-- What to do --
Provide an exact reproduction of every entry.

Stored data
---

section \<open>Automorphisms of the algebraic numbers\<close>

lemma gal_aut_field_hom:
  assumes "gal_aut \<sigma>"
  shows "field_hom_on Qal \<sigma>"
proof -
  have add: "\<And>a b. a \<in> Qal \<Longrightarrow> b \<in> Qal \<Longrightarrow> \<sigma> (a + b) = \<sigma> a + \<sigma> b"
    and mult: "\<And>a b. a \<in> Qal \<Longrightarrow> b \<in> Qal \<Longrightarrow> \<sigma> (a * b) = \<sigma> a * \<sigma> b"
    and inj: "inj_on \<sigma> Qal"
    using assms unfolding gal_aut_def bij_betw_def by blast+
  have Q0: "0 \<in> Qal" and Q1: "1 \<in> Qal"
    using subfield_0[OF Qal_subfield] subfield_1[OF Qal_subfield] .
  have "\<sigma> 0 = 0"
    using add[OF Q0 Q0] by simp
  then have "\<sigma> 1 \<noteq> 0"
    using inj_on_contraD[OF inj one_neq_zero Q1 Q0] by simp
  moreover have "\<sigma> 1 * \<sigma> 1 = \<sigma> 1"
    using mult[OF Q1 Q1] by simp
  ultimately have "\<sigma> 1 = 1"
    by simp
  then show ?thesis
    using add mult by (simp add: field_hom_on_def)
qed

---

-- Answer --
section \<open>Automorphisms of the algebraic numbers\<close>

lemma gal_aut_field_hom:
  assumes "gal_aut \<sigma>"
  shows "field_hom_on Qal \<sigma>"
proof -
  have add: "\<And>a b. a \<in> Qal \<Longrightarrow> b \<in> Qal \<Longrightarrow> \<sigma> (a + b) = \<sigma> a + \<sigma> b"
    and mult: "\<And>a b. a \<in> Qal \<Longrightarrow> b \<in> Qal \<Longrightarrow> \<sigma> (a * b) = \<sigma> a * \<sigma> b"
    and inj: "inj_on \<sigma> Qal"
    using assms unfolding gal_aut_def bij_betw_def by blast+
  have Q0: "0 \<in> Qal" and Q1: "1 \<in> Qal"
    using subfield_0[OF Qal_subfield] subfield_1[OF Qal_subfield] .
  have "\<sigma> 0 = 0"
    using add[OF Q0 Q0] by simp
  then have "\<sigma> 1 \<noteq> 0"
    using inj_on_contraD[OF inj one_neq_zero Q1 Q0] by simp
  moreover have "\<sigma> 1 * \<sigma> 1 = \<sigma> 1"
    using mult[OF Q1 Q1] by simp
  ultimately have "\<sigma> 1 = 1"
    by simp
  then show ?thesis
    using add mult by (simp add: field_hom_on_def)
qed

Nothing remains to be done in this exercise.